→ YOUR OBJECTIVE:
Beginning with the line that contains "T Y \<longrightarrow>", output each line below exactly through the last one, both included, and nothing else.

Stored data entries
"""

(* The graph $G_6$ on vertices $\{1,\dots,6\}$ with adjacency matrix $$A_{G_6}=\begin{pmatrix}0&0&0&0&1&1\\0&0&1&1&0&1\\0&1&0&1&0&1\\0&1&1&0&1&1\\1&0&0&1&0&0\\1&1&1&1&0&0\end{pmatrix}$$ does not possess quantum twin vertices.
   Context: A classical graph $G$ is regarded as a quantum graph with $C(G)=C(V)$ (functions on the vertex set), the uniform state $\psi(f)=\frac1{|V|}\sum_v f(v)$, and adjacency operator given by $A_G$. An action of a compact quantum group $\mathbb{H}$ on $G$ is a $\psi$-preserving action $\rho\colon C(V)\to C(V)\otimes C(\mathbb{H})$ with $\rho\circ A_G=(A_G\otimes\mathrm{id})\circ\rho$ (equivalently given by a magic unitary with entries in $C(\mathbb{H})$ commuting with $A_G$). $G$ has $\mathbb{H}$-twins if there are two different actions $\rho_1\neq\rho_2$ of $\mathbb{H}$ on $G$ with $\rho_1\circ A_G=\rho_2\circ A_G$; $G$ has quantum twin vertices if it has $\mathbb{H}$-twins for some compact quantum group $\mathbb{H}$. *)

theory Defs
  imports Complex_Main
begin
(* Let $Q$ be a groupoid quantale with base locale $A$ and let $X$ be a $Q$-locale. Then for all $q\in Q$ and $z\in X$, $$\varsigma_Q(q)\triangleright z=q\cdot1_X\wedge z.$$
   Context: Let $A$ be a locale. A groupoid quantale $Q$ (base locale $A$) is an involutive quantale which is an $A$-$A$-bimodule (actions $a\triangleright q$, $q\triangleleft a$) with $(a\triangleright x)y=a\triangleright(xy)$, $(x\triangleleft a)y=x(a\triangleright y)$, $(xy)\triangleleft a=x(y\triangleleft a)$, $(a\triangleright x\triangleleft b)^*=b\triangleright x^*\triangleleft a$; a frame with $(a\triangleright q)\wedge m=a\triangleright(q\wedge m)$, $m\wedge(q\triangleleft a)=(q\wedge m)\triangleleft a$; equipped with a sup-lattice homomorphism $\varsigma_Q:Q\to A$ with $\varsigma_Q(1_Q)=1_A$, $\varsigma_Q(x)\triangleright y\le xx^*y$, $\varsigma_Q(x)\triangleright x=x$, $\varsigma_Q(a\triangleright x)=a\wedge\varsigma_Q(x)$, and a frame homomorphism $\upsilon:Q\to A$ with $\upsilon(a\triangleright1_Q)=a=\upsilon(1_Q\triangleleft a)$; the right adjoint of $Q\otimes_AQ\to Q$ preserves joins; and $\bigvee_{xy\le a}\upsilon(x)\triangleright y=a$, $\upsilon(a)\triangleright1_Q=\bigvee_{xx^*\le a}x$. A $Q$-module is a locale $X$ with a left $Q$-action $q\cdot x$ and unital left $A$-module structure $a\triangleright x$ with $(a\triangleright q)\cdot x=a\triangleright(q\cdot x)$, $(q\triangleleft a)\cdot x=q\cdot(a\triangleright x)$, $a\triangleright(x\wedge y)=(a\triangleright x)\wedge y$. A pre-Hilbert $Q$-module has $\langle-,-\rangle:X\times X\to Q$ with $\langle q\cdot x,y\rangle=q\langle x,y\rangle$, $a\triangleright\langle x,1_X\rangle=\langle a\triangleright x,1_X\rangle$, $\langle\bigvee x_\alpha,y\rangle=\bigvee\langle x_\alpha,y\rangle$, $\langle x,y\rangle=\langle y,x\rangle^*$. A stably supported $Q$-module has in addition a monotone $\varsigma_X:X\to A$ with $\varsigma_X(1_X)=1_A$, $\varsigma_X(x)\triangleright1_X\le\langle x,x\rangle\cdot1_X$, $\varsigma_X(x)\triangleright x=x$, $\varsigma_X(q\cdot x)\le\varsigma_Q(q)$. With $Q\otimes_AX$ the quotient of $Q\otimes X$ by $(q\triangleleft a)\otimes x=q\otimes(a\triangleright x)$, a $Q$-locale is a stably supported $Q$-module such that the map $\alpha_*:X\to Q\otimes_AX$, $\alpha_*(x)=\bigvee_{q\cdot y\le x}q\otimes y$, preserves arbitrary joins, and $\bigvee_{q\cdot y\le x}\upsilon(q)\triangleright y=x$ for all $x\in X$. *)

theory Defs
  imports Main
begin

unbundle lattice_syntax

text \<open>Frames (= locales, as complete lattices): binary meets distribute over arbitrary joins.
  (The library class complete_distrib_lattice is complete distributivity, which is stronger.)\<close>
class frame = complete_lattice +
  assumes inf_Sup_frame: "x \<sqinter> Sup S = Sup ((\<lambda>y. x \<sqinter> y) ` S)"

definition sup_hom :: "('p::complete_lattice \<Rightarrow> 'r::complete_lattice) \<Rightarrow> bool" where
  "sup_hom f \<longleftrightarrow> (\<forall>S. f (Sup S) = Sup (f ` S))"

definition frame_hom :: "('p::complete_lattice \<Rightarrow> 'r::complete_lattice) \<Rightarrow> bool" where
  "frame_hom f \<longleftrightarrow> sup_hom f \<and> f top = top \<and> (\<forall>x y. f (x \<sqinter> y) = f x \<sqinter> f y)"

definition involutive_quantale :: "('q::complete_lattice \<Rightarrow> 'q \<Rightarrow> 'q) \<Rightarrow> ('q \<Rightarrow> 'q) \<Rightarrow> bool" where
  "involutive_quantale mult invo \<longleftrightarrow>
     (\<forall>x y z. mult (mult x y) z = mult x (mult y z)) \<and>
     (\<forall>x S. mult x (Sup S) = Sup (mult x ` S)) \<and>
     (\<forall>S y. mult (Sup S) y = Sup ((\<lambda>x. mult x y) ` S)) \<and>
     sup_hom invo \<and> (\<forall>x. invo (invo x) = x) \<and>
     (\<forall>x y. invo (mult x y) = mult (invo y) (invo x))"

definition left_module :: "('a::complete_lattice \<Rightarrow> 'a \<Rightarrow> 'a) \<Rightarrow> ('a \<Rightarrow> 'm::complete_lattice \<Rightarrow> 'm) \<Rightarrow> bool" where
  "left_module mult act \<longleftrightarrow>
     (\<forall>a S. act a (Sup S) = Sup (act a ` S)) \<and>
     (\<forall>S m. act (Sup S) m = Sup ((\<lambda>a. act a m) ` S)) \<and>
     (\<forall>a b m. act (mult a b) m = act a (act b m))"

definition unital_left_locale_module :: "('a::frame \<Rightarrow> 'm::complete_lattice \<Rightarrow> 'm) \<Rightarrow> bool" where
  "unital_left_locale_module act \<longleftrightarrow> left_module (\<sqinter>) act \<and> (\<forall>m. act top m = m)"

text \<open>Unital right module over a locale A; the action is written  ract q a  for  q \<triangleleft> a.\<close>
definition unital_right_locale_module :: "('m::complete_lattice \<Rightarrow> 'a::frame \<Rightarrow> 'm) \<Rightarrow> bool" where
  "unital_right_locale_module ract \<longleftrightarrow>
     (\<forall>a S. ract (Sup S) a = Sup ((\<lambda>m. ract m a) ` S)) \<and>
     (\<forall>S m. ract m (Sup S) = Sup (ract m ` S)) \<and>
     (\<forall>a b m. ract m (a \<sqinter> b) = ract (ract m a) b) \<and>
     (\<forall>m. ract m top = m)"
(* Let $U,V$ be Banach spaces, $L=L(V,U)$ the space of bounded linear maps with operator norm, $T>0$, $\alpha,\gamma\in(0,1]$ with $\alpha+\gamma>1$, and $\delta>0$. Let $F:[0,T]\times C^{\alpha}([0,T],U)\to L$ be $\delta$-non-anticipating and such that for each $Z\in C^{\alpha}([0,T],U)$ the map $t\mapsto F(t,Z)$ is $\gamma$-Hölder continuous. Let $X\in C^{\alpha}([0,T],V)$. Then for each $y_0\in U$ there is a unique $Y\in C^{\alpha}([0,T],U)$ such that $$Y_t=y_0+\int_0^tF(u,Y)\,dX_u,\qquad t\in[0,T],$$ where the integral is a Young integral.
   Context: $C^{\alpha}([0,T],U)$ denotes the $\alpha$-Hölder continuous paths. For $Y\in C([0,T],U)$ and $r\in[0,T]$, $\mathcal{Y}_r\in C([0,T],U)$ is defined by $\mathcal{Y}_r(x):=Y_{r\wedge x}$. $F$ is $\delta$-non-anticipating if $F(t,Y)=F(t,\mathcal{Y}_{(t-\delta)_+})$ for all $Y$ and all $t\in[0,T]$, where $(a)_+=\max(a,0)$. Young integral: if $W\in C^{\gamma}([a,b],L)$ and $X\in C^{\alpha}([a,b],V)$ with $\alpha+\gamma>1$, $\int_a^bW_u\,dX_u$ is the limit of Riemann sums $\sum_iW_{s_i}(X_{s_{i+1}}-X_{s_i})$ over partitions of $[a,b]$ as the mesh tends to $0$. *)

theory Defs
  imports "HOL-Analysis.Analysis"
begin

definition holder_on :: "real \<Rightarrow> real \<Rightarrow> (real \<Rightarrow> 'a::real_normed_vector) \<Rightarrow> bool" where
  "holder_on \<alpha> T f \<longleftrightarrow> (\<exists>C. \<forall>s\<in>{0..T}. \<forall>t\<in>{0..T}. norm (f t - f s) \<le> C * \<bar>t - s\<bar> powr \<alpha>)"

text \<open>Elements of C^alpha([0,T],U), represented as functions on the reals that are
  alpha-Hoelder on [0,T] and constant-extended outside [0,T] (so that a path is
  determined by its values on [0,T]).\<close>
definition holder_path :: "real \<Rightarrow> real \<Rightarrow> (real \<Rightarrow> 'a::real_normed_vector) \<Rightarrow> bool" where
  "holder_path \<alpha> T f \<longleftrightarrow> holder_on \<alpha> T f \<and> (\<forall>x. f x = f (max 0 (min T x)))"

definition stopped :: "(real \<Rightarrow> 'a) \<Rightarrow> real \<Rightarrow> real \<Rightarrow> 'a" where
  "stopped Y r = (\<lambda>x. Y (min r x))"

definition non_anticipating ::
  "real \<Rightarrow> real \<Rightarrow> real \<Rightarrow> (real \<Rightarrow> (real \<Rightarrow> 'u::real_normed_vector) \<Rightarrow> 'b) \<Rightarrow> bool" where
  "non_anticipating \<alpha> T \<delta> F \<longleftrightarrow>
     (\<forall>t\<in>{0..T}. \<forall>Y. holder_path \<alpha> T Y \<longrightarrow> F t Y = F t (stopped Y (max (t - \<delta>) 0)))"

definition partition_of :: "real \<Rightarrow> real \<Rightarrow> real list \<Rightarrow> bool" where
  "partition_of a b p \<longleftrightarrow> p \<noteq> [] \<and> hd p = a \<and> last p = b \<and> sorted_wrt (<) p"

definition mesh_less :: "real list \<Rightarrow> real \<Rightarrow> bool" where
  "mesh_less p \<eta> \<longleftrightarrow> (\<forall>i < length p - 1. p ! (i+1) - p ! i < \<eta>)"

definition riemann_sum ::
  "(real \<Rightarrow> ('v::real_normed_vector \<Rightarrow>\<^sub>L 'u::real_normed_vector)) \<Rightarrow> (real \<Rightarrow> 'v) \<Rightarrow> real list \<Rightarrow> 'u" where
  "riemann_sum W X p = (\<Sum>i < length p - 1. blinfun_apply (W (p ! i)) (X (p ! (i+1)) - X (p ! i)))"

"""

→ FINAL ANSWER:
     (\<forall>t\<in>{0..T}. \<forall>Y. holder_path \<alpha> T Y \<longrightarrow> F t Y = F t (stopped Y (max (t - \<delta>) 0)))"

definition partition_of :: "real \<Rightarrow> real \<Rightarrow> real list \<Rightarrow> bool" where
  "partition_of a b p \<longleftrightarrow> p \<noteq> [] \<and> hd p = a \<and> last p = b \<and> sorted_wrt (<) p"

definition mesh_less :: "real list \<Rightarrow> real \<Rightarrow> bool" where
  "mesh_less p \<eta> \<longleftrightarrow> (\<forall>i < length p - 1. p ! (i+1) - p ! i < \<eta>)"

definition riemann_sum ::
  "(real \<Rightarrow> ('v::real_normed_vector \<Rightarrow>\<^sub>L 'u::real_normed_vector)) \<Rightarrow> (real \<Rightarrow> 'v) \<Rightarrow> real list \<Rightarrow> 'u" where
  "riemann_sum W X p = (\<Sum>i < length p - 1. blinfun_apply (W (p ! i)) (X (p ! (i+1)) - X (p ! i)))"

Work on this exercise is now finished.